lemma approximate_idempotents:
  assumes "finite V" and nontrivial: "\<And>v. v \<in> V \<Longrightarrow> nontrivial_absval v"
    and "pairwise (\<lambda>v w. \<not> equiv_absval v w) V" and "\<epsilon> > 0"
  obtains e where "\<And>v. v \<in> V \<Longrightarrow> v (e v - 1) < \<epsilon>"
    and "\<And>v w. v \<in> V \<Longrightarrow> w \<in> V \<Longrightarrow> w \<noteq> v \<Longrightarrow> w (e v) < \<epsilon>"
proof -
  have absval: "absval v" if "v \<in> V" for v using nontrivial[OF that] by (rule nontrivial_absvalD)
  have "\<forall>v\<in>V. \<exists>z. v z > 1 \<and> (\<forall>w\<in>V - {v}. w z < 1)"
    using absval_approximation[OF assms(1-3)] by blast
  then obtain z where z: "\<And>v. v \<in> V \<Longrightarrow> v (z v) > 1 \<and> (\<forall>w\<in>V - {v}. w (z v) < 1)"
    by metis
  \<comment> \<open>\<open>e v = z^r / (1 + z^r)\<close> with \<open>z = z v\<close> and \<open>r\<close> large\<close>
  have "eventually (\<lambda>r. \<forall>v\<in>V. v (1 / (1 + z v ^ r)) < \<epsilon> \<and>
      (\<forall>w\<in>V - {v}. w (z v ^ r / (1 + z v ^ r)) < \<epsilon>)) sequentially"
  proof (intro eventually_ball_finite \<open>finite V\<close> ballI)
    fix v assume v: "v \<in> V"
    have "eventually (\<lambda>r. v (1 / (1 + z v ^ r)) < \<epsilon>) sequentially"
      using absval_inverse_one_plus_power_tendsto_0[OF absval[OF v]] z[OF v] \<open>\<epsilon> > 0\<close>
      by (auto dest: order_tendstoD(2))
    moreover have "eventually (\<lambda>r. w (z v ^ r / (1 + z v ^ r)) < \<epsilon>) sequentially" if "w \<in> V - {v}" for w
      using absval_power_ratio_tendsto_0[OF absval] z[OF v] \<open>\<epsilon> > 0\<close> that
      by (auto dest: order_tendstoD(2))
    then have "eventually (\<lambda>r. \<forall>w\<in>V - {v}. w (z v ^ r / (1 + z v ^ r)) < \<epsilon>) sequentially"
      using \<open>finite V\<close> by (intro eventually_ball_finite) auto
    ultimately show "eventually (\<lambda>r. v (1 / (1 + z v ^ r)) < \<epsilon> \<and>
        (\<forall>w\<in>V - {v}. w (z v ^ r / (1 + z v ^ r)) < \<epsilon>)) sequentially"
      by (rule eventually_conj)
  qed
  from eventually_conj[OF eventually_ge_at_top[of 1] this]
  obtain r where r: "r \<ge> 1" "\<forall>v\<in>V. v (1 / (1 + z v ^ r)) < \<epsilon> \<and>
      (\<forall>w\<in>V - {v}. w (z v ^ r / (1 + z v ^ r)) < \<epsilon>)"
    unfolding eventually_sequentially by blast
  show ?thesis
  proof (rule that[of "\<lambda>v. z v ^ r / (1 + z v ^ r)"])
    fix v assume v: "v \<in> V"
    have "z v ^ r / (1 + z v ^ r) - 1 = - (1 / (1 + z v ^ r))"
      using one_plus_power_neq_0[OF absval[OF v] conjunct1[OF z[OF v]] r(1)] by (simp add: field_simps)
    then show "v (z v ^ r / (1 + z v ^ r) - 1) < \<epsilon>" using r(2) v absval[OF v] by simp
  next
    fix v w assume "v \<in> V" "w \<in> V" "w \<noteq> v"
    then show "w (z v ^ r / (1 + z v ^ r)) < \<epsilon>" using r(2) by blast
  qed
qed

::::::::::

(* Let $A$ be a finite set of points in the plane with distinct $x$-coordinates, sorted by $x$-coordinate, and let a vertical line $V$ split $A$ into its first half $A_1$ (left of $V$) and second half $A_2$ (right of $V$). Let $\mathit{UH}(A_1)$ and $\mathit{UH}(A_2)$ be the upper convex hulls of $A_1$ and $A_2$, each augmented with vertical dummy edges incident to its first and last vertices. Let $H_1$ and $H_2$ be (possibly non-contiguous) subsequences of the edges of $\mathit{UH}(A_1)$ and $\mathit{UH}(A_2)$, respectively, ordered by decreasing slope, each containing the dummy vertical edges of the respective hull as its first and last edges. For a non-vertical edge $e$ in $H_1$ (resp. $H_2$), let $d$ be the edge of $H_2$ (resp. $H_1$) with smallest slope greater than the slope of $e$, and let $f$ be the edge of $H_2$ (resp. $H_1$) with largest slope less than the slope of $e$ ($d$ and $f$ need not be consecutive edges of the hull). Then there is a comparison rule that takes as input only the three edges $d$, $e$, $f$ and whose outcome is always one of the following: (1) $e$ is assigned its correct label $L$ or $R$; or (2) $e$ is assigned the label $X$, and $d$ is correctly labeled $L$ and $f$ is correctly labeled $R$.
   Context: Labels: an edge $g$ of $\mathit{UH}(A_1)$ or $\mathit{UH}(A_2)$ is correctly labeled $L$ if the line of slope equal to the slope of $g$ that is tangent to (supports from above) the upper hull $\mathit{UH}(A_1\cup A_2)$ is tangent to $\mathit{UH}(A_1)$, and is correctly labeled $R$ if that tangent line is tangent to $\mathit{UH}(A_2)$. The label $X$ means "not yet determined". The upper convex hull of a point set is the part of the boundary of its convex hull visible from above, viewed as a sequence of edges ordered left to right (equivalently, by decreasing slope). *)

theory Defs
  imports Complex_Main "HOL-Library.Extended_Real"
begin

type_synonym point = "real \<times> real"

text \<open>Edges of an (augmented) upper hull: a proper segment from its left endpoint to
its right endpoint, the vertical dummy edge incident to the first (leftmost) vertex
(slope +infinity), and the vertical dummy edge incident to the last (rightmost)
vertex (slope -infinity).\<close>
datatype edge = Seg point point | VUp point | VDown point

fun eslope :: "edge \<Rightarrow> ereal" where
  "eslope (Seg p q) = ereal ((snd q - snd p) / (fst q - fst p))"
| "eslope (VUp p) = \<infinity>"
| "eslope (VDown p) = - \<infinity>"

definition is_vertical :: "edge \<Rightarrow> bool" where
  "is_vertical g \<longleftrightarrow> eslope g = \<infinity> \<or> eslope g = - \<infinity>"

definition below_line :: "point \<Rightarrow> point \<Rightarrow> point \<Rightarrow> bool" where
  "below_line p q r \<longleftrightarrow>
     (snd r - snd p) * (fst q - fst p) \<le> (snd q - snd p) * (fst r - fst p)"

::::::::::

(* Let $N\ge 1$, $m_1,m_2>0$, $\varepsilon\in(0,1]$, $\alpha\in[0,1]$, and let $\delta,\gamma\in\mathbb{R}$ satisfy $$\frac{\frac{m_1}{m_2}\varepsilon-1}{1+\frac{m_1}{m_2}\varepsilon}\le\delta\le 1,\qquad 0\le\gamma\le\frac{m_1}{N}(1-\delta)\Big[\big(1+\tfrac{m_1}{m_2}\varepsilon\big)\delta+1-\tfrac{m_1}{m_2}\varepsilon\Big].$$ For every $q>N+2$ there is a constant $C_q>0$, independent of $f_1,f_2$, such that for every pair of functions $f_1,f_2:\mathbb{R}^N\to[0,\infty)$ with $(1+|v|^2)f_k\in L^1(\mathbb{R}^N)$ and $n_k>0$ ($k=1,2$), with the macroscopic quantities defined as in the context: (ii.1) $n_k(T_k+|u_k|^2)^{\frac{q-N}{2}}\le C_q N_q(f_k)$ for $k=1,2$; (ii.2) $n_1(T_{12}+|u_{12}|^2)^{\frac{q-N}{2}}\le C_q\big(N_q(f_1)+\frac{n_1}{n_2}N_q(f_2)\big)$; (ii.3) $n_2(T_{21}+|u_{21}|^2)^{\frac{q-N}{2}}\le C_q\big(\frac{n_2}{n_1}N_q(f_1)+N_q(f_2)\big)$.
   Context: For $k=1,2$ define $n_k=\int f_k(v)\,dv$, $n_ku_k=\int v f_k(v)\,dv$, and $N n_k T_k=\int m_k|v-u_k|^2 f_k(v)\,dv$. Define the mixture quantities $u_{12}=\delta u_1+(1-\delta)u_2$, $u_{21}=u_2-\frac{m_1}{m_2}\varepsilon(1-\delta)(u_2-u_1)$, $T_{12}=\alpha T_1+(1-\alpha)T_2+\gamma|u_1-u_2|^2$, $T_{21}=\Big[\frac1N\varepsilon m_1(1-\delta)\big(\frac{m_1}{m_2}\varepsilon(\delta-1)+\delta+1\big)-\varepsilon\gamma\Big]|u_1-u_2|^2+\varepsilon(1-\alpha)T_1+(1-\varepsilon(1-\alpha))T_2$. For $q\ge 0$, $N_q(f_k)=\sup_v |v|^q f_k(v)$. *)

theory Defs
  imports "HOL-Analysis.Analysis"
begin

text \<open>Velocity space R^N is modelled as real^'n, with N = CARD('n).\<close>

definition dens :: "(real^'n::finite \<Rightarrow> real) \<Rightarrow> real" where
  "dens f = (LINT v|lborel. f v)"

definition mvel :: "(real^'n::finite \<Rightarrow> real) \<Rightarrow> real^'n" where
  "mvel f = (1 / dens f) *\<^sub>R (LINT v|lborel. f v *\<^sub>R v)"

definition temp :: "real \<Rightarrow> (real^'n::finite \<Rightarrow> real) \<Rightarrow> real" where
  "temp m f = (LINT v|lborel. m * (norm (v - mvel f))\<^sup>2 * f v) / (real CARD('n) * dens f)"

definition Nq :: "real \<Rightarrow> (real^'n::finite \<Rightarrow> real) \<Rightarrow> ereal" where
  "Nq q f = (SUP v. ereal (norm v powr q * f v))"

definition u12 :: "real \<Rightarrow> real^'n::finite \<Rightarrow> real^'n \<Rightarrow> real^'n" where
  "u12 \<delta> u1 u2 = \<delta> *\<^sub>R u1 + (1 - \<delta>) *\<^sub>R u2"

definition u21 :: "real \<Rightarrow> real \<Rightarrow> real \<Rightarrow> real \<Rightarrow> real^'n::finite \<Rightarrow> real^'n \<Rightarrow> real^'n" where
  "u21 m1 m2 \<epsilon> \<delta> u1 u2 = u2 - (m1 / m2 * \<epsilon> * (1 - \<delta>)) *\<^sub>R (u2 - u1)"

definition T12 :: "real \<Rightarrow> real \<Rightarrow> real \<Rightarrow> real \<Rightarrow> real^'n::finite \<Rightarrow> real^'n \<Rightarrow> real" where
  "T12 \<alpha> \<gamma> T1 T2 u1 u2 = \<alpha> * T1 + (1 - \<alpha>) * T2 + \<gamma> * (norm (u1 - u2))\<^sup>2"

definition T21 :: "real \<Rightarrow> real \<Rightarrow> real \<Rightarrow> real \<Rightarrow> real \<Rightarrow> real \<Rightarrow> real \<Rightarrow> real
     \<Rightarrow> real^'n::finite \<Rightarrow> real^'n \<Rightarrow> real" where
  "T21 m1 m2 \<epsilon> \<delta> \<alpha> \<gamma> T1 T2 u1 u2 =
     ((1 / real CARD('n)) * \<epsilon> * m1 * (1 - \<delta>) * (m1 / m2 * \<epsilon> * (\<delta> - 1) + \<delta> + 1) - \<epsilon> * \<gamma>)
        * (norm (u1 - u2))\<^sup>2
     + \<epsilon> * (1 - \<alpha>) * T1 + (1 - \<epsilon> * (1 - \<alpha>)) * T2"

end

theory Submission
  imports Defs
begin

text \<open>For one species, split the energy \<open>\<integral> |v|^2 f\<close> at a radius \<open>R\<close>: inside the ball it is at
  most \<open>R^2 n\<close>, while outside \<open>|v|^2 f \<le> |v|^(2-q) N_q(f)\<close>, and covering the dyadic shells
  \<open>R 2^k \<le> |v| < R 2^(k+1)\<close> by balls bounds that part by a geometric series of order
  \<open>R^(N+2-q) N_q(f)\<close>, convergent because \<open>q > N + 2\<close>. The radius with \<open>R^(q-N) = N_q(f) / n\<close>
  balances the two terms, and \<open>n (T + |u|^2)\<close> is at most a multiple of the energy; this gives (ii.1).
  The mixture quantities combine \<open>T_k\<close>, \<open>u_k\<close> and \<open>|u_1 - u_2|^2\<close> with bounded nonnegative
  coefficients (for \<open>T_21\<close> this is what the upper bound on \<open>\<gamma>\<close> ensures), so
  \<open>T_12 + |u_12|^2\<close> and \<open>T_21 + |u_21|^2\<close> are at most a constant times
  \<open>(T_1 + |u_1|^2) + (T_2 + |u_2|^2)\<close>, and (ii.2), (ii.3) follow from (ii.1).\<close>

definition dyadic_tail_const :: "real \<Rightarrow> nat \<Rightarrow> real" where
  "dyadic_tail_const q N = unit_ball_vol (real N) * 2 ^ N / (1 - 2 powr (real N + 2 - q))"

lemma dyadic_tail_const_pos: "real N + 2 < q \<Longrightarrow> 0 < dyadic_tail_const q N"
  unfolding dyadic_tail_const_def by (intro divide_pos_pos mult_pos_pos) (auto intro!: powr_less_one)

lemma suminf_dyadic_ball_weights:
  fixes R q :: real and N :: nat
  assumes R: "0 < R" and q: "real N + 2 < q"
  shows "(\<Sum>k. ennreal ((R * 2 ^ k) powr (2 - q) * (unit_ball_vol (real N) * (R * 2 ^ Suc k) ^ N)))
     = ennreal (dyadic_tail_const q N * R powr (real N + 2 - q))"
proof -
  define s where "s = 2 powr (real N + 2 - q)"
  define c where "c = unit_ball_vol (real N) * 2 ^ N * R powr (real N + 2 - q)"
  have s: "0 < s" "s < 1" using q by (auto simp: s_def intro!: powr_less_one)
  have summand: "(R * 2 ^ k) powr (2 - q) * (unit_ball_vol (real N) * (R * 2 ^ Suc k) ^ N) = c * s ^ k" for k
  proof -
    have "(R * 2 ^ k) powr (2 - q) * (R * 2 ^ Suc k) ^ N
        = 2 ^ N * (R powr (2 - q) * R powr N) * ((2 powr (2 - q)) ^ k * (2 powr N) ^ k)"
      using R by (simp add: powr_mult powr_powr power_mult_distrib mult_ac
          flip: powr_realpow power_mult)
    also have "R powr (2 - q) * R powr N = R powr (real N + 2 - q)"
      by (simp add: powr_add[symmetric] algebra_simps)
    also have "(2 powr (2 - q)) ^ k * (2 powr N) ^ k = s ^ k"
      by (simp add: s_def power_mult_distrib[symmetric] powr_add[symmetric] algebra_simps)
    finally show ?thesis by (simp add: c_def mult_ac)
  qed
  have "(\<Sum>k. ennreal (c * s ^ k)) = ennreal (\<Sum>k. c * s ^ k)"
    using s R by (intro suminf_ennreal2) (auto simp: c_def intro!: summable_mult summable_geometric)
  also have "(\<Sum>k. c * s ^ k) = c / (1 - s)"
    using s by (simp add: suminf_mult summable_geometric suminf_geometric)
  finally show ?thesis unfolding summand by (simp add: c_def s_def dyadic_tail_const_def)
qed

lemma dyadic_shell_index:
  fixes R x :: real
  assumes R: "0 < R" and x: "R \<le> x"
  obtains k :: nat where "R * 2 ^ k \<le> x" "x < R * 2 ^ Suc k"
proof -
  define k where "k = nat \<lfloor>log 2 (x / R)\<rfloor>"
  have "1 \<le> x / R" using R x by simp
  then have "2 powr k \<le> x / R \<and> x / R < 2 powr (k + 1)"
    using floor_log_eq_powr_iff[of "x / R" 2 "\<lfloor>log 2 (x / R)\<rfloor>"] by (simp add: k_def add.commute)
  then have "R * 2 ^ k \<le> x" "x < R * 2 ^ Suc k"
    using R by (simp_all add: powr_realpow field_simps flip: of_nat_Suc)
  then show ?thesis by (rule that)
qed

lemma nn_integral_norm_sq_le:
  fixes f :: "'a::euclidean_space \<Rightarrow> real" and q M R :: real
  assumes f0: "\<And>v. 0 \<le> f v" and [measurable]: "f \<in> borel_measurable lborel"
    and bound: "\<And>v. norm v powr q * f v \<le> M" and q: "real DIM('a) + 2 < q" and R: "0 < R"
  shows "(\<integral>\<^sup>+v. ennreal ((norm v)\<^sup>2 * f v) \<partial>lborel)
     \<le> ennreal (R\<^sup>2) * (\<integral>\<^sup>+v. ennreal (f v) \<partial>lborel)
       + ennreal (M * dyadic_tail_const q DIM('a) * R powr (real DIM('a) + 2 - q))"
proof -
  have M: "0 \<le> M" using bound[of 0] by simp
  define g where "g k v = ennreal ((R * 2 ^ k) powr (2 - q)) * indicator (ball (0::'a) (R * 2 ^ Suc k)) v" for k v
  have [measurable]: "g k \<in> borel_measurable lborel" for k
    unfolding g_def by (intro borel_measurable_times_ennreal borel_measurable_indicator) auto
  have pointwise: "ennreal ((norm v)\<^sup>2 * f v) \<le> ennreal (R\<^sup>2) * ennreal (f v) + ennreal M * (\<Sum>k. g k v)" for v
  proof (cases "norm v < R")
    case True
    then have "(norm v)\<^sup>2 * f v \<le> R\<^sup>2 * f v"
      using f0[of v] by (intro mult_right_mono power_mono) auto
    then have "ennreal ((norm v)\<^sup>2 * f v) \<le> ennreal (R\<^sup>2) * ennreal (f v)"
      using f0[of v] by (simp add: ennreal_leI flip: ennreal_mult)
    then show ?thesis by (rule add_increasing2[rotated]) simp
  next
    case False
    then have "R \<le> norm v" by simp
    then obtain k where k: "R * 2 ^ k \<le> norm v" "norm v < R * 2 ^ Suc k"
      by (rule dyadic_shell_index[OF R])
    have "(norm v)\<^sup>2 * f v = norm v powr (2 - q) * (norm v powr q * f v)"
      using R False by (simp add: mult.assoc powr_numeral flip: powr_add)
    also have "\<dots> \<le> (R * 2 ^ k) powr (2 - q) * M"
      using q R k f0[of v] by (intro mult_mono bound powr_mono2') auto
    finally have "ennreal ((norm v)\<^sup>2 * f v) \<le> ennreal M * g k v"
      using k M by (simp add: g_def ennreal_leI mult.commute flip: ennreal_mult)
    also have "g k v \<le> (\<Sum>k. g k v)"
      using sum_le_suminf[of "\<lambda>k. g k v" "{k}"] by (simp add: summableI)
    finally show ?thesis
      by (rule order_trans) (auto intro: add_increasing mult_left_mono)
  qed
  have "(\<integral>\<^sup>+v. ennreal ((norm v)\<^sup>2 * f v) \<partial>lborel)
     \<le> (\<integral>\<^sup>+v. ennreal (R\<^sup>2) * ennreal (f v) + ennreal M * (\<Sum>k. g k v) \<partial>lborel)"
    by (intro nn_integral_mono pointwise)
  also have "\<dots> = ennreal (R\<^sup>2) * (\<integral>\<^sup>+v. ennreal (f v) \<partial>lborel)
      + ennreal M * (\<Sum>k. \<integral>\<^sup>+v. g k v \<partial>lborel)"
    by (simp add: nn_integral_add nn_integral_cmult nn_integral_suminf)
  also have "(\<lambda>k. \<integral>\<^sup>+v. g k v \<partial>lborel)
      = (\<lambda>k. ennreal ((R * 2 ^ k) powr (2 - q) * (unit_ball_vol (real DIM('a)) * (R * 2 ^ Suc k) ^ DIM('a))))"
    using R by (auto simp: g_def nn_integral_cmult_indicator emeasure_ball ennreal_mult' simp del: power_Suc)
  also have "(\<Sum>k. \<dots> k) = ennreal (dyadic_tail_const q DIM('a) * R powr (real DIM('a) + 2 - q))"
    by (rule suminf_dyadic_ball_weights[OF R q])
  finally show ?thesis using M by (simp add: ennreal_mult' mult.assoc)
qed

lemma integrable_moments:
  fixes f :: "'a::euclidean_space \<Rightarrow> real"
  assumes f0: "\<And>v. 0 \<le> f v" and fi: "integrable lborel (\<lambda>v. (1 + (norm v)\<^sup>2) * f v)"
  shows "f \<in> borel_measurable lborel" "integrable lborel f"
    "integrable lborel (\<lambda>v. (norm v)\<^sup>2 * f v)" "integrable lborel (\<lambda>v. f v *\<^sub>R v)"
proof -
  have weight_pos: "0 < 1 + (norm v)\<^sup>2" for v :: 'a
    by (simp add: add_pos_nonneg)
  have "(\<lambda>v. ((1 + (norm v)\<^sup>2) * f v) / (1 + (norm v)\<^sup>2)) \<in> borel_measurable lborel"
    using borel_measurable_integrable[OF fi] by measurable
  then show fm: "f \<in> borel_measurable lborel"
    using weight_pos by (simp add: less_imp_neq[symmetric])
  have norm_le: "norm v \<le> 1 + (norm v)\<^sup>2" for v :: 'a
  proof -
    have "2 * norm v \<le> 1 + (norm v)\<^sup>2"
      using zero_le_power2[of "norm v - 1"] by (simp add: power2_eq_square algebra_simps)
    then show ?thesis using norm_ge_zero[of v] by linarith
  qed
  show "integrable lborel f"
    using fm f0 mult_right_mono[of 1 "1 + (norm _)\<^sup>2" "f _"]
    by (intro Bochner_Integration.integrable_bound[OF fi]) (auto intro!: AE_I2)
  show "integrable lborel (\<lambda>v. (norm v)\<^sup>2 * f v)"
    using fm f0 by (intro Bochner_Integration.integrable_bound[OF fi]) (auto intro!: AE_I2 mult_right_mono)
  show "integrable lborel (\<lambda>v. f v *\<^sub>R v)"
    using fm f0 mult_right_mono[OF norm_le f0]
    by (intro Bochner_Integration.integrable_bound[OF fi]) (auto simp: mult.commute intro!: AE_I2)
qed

::::::::::

* _WHAT IS BEING ASKED_
In the entries above, please find the line with "using s by (simp" and the line with "define g where", then write out exactly those two lines and every line between them, and nothing more.

* _THE COMPLETED TASK_
    using s by (simp add: suminf_mult summable_geometric suminf_geometric)
  finally show ?thesis unfolding summand by (simp add: c_def s_def dyadic_tail_const_def)
qed

lemma dyadic_shell_index:
  fixes R x :: real
  assumes R: "0 < R" and x: "R \<le> x"
  obtains k :: nat where "R * 2 ^ k \<le> x" "x < R * 2 ^ Suc k"
proof -
  define k where "k = nat \<lfloor>log 2 (x / R)\<rfloor>"
  have "1 \<le> x / R" using R x by simp
  then have "2 powr k \<le> x / R \<and> x / R < 2 powr (k + 1)"
    using floor_log_eq_powr_iff[of "x / R" 2 "\<lfloor>log 2 (x / R)\<rfloor>"] by (simp add: k_def add.commute)
  then have "R * 2 ^ k \<le> x" "x < R * 2 ^ Suc k"
    using R by (simp_all add: powr_realpow field_simps flip: of_nat_Suc)
  then show ?thesis by (rule that)
qed

lemma nn_integral_norm_sq_le:
  fixes f :: "'a::euclidean_space \<Rightarrow> real" and q M R :: real
  assumes f0: "\<And>v. 0 \<le> f v" and [measurable]: "f \<in> borel_measurable lborel"
    and bound: "\<And>v. norm v powr q * f v \<le> M" and q: "real DIM('a) + 2 < q" and R: "0 < R"
  shows "(\<integral>\<^sup>+v. ennreal ((norm v)\<^sup>2 * f v) \<partial>lborel)
     \<le> ennreal (R\<^sup>2) * (\<integral>\<^sup>+v. ennreal (f v) \<partial>lborel)
       + ennreal (M * dyadic_tail_const q DIM('a) * R powr (real DIM('a) + 2 - q))"
proof -
  have M: "0 \<le> M" using bound[of 0] by simp
  define g where "g k v = ennreal ((R * 2 ^ k) powr (2 - q)) * indicator (ball (0::'a) (R * 2 ^ Suc k)) v" for k v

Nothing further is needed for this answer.